_LISTED RECORDS:_
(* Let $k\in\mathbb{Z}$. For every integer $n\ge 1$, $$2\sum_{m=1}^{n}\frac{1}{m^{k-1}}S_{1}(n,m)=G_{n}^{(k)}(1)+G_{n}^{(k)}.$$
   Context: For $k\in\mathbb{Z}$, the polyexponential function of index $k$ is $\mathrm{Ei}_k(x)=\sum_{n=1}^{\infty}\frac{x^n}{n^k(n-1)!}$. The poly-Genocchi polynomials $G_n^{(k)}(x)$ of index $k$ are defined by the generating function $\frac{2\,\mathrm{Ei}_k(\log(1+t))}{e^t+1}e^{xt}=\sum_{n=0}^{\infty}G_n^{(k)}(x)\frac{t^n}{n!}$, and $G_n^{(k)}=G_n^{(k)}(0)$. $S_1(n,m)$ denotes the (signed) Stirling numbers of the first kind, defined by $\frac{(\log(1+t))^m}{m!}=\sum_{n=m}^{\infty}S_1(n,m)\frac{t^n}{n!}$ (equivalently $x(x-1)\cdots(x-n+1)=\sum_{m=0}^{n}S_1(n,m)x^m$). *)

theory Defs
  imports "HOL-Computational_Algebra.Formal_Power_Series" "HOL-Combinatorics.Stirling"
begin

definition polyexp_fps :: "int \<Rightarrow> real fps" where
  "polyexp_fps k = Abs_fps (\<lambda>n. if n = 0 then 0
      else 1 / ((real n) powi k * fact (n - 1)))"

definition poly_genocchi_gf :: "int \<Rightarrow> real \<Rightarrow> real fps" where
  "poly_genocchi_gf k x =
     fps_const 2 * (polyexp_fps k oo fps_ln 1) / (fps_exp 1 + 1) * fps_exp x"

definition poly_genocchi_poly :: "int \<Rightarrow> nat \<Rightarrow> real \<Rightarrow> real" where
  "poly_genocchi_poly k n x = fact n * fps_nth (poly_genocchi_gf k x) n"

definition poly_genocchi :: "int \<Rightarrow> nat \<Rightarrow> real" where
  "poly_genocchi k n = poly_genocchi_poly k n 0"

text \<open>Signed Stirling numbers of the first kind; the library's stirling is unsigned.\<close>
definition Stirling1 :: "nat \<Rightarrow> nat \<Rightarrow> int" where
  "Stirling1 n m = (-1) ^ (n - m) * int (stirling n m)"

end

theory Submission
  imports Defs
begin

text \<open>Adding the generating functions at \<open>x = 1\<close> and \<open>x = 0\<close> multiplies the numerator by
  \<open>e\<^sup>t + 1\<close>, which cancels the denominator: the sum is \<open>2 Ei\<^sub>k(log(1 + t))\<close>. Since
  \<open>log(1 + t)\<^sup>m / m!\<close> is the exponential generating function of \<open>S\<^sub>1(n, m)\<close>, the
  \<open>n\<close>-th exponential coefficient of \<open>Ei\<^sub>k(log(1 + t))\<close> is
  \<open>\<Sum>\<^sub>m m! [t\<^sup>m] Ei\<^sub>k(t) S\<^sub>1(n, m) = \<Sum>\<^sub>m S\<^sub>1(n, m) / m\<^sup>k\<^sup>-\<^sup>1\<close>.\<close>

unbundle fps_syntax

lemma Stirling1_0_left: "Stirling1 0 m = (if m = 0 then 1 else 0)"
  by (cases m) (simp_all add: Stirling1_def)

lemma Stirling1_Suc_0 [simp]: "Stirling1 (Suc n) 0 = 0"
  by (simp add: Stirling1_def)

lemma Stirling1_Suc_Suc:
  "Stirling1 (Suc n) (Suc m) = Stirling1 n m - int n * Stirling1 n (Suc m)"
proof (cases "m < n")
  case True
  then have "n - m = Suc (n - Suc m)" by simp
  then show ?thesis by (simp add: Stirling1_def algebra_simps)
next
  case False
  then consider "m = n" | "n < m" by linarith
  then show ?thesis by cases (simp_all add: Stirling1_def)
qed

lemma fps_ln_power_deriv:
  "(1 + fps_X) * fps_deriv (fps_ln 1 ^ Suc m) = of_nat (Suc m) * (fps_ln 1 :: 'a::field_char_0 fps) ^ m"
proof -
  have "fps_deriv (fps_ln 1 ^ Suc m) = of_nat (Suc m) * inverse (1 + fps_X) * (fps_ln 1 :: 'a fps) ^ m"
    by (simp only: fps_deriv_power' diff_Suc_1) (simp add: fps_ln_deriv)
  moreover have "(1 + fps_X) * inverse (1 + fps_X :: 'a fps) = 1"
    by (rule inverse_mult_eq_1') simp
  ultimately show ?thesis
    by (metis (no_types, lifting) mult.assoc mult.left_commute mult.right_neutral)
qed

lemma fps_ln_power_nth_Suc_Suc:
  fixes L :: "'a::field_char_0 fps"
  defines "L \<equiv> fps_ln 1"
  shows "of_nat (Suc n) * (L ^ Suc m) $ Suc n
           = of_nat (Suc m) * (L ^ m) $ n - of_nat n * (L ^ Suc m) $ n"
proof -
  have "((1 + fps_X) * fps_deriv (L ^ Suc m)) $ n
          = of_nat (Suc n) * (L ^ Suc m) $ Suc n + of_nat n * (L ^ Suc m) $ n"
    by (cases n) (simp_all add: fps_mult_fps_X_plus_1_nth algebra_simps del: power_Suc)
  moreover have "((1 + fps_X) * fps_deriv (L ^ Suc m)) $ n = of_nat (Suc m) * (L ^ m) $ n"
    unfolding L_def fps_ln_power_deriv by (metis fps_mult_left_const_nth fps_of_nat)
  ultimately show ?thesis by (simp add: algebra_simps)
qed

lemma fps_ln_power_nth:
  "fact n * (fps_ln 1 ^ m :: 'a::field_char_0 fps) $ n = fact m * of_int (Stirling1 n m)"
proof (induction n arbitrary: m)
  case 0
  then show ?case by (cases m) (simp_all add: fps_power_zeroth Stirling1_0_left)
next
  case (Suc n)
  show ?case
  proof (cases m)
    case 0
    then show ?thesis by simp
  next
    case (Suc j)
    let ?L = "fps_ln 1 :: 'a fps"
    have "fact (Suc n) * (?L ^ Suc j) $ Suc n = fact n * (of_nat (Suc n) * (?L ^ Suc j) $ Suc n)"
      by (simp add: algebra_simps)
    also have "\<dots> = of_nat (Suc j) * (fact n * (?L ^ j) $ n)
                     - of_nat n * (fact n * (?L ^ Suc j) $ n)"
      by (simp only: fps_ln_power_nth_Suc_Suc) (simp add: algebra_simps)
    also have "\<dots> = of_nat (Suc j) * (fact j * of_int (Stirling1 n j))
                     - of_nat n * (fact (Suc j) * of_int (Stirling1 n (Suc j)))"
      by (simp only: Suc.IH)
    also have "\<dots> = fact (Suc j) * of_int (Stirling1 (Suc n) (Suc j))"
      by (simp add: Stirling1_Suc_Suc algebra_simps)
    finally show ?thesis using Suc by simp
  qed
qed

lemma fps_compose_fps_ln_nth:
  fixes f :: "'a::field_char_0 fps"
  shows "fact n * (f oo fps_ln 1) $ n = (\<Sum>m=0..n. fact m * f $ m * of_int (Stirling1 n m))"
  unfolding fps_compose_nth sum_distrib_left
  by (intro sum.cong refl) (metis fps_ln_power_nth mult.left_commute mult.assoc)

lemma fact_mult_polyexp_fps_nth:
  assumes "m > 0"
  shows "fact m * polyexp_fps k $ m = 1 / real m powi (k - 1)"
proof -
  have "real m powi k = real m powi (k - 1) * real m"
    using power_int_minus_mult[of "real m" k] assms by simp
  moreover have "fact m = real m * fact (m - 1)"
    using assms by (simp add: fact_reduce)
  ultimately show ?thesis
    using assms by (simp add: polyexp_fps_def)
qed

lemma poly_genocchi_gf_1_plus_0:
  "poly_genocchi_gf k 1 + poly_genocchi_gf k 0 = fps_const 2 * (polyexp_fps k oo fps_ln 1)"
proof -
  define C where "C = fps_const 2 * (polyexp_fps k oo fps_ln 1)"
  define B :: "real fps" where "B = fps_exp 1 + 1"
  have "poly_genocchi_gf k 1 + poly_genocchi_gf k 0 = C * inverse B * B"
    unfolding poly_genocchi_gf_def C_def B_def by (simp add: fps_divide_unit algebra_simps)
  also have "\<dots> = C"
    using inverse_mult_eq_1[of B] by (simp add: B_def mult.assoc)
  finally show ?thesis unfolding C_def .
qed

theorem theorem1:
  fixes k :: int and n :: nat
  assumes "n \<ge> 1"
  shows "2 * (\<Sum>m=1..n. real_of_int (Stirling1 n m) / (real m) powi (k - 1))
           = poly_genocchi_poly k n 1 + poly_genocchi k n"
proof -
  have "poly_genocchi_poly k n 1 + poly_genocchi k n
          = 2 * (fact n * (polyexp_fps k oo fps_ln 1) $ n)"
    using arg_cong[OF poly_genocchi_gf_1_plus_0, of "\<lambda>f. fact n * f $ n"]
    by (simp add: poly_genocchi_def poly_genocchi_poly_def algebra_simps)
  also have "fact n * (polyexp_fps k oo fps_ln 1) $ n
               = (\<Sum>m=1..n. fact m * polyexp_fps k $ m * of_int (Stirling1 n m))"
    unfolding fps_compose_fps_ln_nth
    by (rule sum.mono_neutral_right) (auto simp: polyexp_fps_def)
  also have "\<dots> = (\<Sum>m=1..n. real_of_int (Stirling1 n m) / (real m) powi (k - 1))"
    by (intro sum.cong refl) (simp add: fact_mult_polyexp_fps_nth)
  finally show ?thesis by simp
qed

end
---
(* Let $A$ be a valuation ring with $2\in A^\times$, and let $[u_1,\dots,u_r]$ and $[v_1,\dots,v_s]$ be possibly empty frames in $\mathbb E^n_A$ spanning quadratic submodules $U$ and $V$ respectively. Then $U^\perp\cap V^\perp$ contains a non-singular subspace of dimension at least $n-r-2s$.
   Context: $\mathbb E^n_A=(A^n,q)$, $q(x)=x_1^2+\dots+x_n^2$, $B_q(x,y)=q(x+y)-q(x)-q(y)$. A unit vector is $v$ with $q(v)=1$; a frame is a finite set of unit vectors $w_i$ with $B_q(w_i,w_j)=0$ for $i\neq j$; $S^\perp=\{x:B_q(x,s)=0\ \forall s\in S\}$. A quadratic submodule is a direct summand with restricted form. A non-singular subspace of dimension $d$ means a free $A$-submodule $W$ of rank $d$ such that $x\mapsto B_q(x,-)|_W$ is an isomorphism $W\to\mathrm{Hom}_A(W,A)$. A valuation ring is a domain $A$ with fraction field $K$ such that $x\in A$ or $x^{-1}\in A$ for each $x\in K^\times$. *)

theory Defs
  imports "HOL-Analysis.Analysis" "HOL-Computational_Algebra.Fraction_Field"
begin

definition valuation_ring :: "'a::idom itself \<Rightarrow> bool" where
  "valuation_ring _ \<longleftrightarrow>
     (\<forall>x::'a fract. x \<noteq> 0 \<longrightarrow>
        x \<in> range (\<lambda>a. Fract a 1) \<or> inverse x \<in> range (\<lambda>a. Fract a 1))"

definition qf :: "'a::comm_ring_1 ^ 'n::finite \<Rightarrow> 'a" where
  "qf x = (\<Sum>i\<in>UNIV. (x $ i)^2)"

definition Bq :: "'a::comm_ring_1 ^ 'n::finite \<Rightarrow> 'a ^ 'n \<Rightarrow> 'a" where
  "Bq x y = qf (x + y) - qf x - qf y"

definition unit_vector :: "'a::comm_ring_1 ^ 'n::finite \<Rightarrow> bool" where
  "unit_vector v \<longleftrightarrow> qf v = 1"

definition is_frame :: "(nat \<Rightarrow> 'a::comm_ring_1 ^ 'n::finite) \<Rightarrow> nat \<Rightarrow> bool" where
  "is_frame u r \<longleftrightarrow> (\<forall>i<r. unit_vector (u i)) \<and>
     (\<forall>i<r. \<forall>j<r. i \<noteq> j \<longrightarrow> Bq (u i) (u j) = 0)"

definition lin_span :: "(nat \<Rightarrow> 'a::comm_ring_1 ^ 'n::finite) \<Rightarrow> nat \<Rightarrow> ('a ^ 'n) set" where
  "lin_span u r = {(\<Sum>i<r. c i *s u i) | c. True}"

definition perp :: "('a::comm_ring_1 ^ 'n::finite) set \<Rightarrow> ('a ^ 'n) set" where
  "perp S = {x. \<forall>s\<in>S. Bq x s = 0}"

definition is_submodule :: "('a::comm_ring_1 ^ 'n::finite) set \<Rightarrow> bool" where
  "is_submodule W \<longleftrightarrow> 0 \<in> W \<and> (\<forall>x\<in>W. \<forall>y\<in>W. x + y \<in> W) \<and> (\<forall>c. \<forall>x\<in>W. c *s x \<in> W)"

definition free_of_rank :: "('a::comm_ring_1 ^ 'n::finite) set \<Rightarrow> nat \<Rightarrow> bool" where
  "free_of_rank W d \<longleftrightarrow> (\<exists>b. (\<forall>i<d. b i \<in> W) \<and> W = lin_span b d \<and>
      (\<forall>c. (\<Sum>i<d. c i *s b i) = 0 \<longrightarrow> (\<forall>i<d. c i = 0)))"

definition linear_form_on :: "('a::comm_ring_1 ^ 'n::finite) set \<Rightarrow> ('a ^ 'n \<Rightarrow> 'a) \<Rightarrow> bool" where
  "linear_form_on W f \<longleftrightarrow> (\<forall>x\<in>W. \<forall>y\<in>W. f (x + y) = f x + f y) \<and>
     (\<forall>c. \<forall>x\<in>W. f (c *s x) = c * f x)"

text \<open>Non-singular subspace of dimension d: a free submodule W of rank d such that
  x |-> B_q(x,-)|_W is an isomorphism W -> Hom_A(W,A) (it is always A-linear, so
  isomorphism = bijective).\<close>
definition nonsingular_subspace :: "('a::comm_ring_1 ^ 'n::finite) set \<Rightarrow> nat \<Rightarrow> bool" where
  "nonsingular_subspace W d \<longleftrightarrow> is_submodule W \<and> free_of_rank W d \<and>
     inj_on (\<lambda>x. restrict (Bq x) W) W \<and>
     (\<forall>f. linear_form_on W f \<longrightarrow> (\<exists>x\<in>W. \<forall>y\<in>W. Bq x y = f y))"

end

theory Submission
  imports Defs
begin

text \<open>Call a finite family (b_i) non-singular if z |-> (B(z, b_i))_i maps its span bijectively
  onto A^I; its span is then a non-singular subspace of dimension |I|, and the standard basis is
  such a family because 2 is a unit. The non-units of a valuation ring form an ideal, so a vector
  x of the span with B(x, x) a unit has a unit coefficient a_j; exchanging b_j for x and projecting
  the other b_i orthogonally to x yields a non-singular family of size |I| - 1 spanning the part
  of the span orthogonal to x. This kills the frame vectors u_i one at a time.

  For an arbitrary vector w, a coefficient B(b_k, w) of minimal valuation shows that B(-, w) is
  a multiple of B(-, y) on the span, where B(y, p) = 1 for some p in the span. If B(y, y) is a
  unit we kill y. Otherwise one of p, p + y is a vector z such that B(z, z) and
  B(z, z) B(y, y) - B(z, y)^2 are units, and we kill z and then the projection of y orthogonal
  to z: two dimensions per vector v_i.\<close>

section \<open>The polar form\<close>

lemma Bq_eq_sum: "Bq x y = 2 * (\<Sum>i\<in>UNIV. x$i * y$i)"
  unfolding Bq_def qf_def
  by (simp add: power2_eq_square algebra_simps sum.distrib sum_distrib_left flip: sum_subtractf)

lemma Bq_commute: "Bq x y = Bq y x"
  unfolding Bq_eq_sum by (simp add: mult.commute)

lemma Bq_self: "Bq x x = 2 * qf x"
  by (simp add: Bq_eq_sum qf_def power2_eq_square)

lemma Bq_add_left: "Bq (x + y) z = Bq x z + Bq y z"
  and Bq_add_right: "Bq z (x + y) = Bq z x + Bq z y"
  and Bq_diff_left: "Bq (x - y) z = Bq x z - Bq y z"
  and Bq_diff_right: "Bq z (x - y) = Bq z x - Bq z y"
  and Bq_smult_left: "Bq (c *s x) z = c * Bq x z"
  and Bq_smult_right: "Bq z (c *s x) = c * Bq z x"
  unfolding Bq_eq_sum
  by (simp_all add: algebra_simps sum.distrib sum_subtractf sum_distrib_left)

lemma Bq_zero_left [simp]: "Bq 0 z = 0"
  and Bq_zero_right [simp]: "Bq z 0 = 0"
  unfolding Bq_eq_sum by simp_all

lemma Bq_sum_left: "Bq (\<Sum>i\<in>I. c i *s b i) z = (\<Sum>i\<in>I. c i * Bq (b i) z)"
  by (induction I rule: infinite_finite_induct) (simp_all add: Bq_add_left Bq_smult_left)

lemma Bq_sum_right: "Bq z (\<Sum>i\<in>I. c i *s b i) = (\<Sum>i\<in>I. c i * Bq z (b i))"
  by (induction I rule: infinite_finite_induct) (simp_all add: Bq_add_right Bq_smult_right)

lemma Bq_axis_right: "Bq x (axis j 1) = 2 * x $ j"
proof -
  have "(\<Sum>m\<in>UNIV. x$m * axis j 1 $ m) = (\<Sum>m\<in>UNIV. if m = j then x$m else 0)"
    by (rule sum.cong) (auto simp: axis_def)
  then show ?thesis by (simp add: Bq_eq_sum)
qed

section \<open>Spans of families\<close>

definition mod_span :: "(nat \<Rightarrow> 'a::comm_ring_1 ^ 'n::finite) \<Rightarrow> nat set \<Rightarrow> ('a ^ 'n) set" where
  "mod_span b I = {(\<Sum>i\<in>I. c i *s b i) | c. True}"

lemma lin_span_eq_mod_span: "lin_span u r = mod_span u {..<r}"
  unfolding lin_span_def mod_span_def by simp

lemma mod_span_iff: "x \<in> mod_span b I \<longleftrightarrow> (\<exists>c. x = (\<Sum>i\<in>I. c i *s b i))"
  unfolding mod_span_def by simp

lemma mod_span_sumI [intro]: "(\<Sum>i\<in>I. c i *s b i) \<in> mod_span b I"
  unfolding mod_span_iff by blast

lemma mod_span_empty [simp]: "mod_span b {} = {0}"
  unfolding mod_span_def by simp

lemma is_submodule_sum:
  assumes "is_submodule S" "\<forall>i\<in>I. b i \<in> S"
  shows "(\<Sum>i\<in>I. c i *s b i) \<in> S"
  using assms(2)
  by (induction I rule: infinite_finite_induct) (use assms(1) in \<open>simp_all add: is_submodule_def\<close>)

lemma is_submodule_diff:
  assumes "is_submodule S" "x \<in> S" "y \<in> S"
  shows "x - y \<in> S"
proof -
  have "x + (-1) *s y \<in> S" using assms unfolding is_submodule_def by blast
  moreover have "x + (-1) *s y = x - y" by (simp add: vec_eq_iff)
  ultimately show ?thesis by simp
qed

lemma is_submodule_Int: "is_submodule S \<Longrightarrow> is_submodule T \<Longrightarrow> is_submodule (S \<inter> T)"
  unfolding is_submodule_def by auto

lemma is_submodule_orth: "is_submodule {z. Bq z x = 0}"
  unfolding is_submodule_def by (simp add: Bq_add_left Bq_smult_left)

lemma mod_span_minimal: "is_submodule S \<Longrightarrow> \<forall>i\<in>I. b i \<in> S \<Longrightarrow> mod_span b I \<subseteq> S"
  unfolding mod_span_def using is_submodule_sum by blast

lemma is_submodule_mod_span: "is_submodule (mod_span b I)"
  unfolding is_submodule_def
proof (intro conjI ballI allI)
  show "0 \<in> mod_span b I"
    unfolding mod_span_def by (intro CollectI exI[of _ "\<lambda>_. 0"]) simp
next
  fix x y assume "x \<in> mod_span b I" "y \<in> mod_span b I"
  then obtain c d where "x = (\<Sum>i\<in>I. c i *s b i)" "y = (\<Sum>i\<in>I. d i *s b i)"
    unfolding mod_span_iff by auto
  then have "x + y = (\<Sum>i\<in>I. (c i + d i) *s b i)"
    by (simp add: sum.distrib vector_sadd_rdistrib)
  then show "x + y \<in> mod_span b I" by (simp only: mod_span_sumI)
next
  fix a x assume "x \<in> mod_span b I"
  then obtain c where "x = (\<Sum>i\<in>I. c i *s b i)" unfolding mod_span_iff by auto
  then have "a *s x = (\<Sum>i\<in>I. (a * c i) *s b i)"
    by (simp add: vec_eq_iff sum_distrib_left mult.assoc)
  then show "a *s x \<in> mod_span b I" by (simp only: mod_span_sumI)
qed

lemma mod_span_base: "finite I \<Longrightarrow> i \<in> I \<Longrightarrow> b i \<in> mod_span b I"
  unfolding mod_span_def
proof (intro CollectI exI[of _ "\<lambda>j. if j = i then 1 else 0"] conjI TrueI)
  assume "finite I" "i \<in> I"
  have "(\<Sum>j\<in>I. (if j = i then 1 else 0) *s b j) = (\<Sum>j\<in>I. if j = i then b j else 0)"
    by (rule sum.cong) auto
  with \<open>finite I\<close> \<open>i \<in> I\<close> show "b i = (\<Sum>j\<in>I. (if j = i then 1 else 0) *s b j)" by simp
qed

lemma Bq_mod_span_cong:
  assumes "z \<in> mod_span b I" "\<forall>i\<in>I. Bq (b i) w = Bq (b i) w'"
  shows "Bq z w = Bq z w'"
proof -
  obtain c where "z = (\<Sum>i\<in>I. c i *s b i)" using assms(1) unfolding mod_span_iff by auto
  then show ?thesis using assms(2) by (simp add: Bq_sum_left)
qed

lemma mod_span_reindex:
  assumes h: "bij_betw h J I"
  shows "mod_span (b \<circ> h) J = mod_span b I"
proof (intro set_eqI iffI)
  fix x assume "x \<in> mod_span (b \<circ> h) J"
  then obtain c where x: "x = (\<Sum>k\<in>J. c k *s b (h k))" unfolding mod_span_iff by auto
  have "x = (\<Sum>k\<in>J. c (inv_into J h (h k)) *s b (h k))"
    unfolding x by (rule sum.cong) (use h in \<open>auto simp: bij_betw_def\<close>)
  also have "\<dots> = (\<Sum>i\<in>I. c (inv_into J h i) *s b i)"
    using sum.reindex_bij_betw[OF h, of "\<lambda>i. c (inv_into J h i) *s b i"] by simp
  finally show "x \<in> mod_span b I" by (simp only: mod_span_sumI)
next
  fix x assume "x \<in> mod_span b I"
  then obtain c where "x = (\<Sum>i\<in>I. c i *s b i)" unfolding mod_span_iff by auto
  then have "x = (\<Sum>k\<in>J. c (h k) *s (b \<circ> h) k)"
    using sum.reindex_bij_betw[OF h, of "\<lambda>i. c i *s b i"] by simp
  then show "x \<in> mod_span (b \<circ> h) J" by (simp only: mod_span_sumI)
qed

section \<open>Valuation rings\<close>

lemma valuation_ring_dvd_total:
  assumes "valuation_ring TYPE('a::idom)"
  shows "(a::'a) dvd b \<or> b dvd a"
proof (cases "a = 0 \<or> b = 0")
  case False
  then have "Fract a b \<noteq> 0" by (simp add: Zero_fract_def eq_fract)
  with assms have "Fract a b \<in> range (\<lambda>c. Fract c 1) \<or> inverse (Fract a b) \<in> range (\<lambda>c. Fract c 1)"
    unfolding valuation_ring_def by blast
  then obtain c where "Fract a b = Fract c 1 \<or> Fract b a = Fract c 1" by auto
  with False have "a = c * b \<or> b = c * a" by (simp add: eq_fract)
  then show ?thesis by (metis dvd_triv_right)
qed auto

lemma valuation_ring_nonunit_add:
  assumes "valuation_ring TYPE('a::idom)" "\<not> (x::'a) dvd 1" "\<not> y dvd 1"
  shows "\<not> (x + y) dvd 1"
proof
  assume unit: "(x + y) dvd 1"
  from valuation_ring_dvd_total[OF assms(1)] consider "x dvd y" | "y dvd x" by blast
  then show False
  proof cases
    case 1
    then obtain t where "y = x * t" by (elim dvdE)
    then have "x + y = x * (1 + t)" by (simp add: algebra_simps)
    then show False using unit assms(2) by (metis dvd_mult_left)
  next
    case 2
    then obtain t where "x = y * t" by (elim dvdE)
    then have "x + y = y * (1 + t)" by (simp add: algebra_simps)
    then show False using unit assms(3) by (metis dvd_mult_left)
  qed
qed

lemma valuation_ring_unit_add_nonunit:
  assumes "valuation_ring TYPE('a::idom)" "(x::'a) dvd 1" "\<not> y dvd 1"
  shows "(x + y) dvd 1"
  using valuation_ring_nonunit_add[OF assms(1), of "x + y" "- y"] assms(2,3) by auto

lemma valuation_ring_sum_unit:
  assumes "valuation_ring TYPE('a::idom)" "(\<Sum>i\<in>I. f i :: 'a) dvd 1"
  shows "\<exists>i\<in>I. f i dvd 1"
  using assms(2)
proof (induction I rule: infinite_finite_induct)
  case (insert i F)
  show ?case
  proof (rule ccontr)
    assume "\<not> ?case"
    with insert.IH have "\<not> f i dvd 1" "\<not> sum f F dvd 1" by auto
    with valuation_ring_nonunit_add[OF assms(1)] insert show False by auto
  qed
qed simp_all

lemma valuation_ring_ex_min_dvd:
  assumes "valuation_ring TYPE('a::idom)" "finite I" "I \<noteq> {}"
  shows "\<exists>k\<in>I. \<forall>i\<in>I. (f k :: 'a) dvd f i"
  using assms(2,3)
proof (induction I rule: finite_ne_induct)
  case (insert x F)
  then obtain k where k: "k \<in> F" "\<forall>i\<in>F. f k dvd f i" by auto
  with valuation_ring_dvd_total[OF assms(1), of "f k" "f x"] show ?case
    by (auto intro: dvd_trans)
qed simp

_YOUR ASSIGNMENT:_
All lines in the listing above between the line with "(* Let $A$ be" and the line with "each $x\in K^\times$. *)", inclusive, should be set down exactly, and no line outside that range.

_ANSWER SECTION:_
(* Let $A$ be a valuation ring with $2\in A^\times$, and let $[u_1,\dots,u_r]$ and $[v_1,\dots,v_s]$ be possibly empty frames in $\mathbb E^n_A$ spanning quadratic submodules $U$ and $V$ respectively. Then $U^\perp\cap V^\perp$ contains a non-singular subspace of dimension at least $n-r-2s$.
   Context: $\mathbb E^n_A=(A^n,q)$, $q(x)=x_1^2+\dots+x_n^2$, $B_q(x,y)=q(x+y)-q(x)-q(y)$. A unit vector is $v$ with $q(v)=1$; a frame is a finite set of unit vectors $w_i$ with $B_q(w_i,w_j)=0$ for $i\neq j$; $S^\perp=\{x:B_q(x,s)=0\ \forall s\in S\}$. A quadratic submodule is a direct summand with restricted form. A non-singular subspace of dimension $d$ means a free $A$-submodule $W$ of rank $d$ such that $x\mapsto B_q(x,-)|_W$ is an isomorphism $W\to\mathrm{Hom}_A(W,A)$. A valuation ring is a domain $A$ with fraction field $K$ such that $x\in A$ or $x^{-1}\in A$ for each $x\in K^\times$. *)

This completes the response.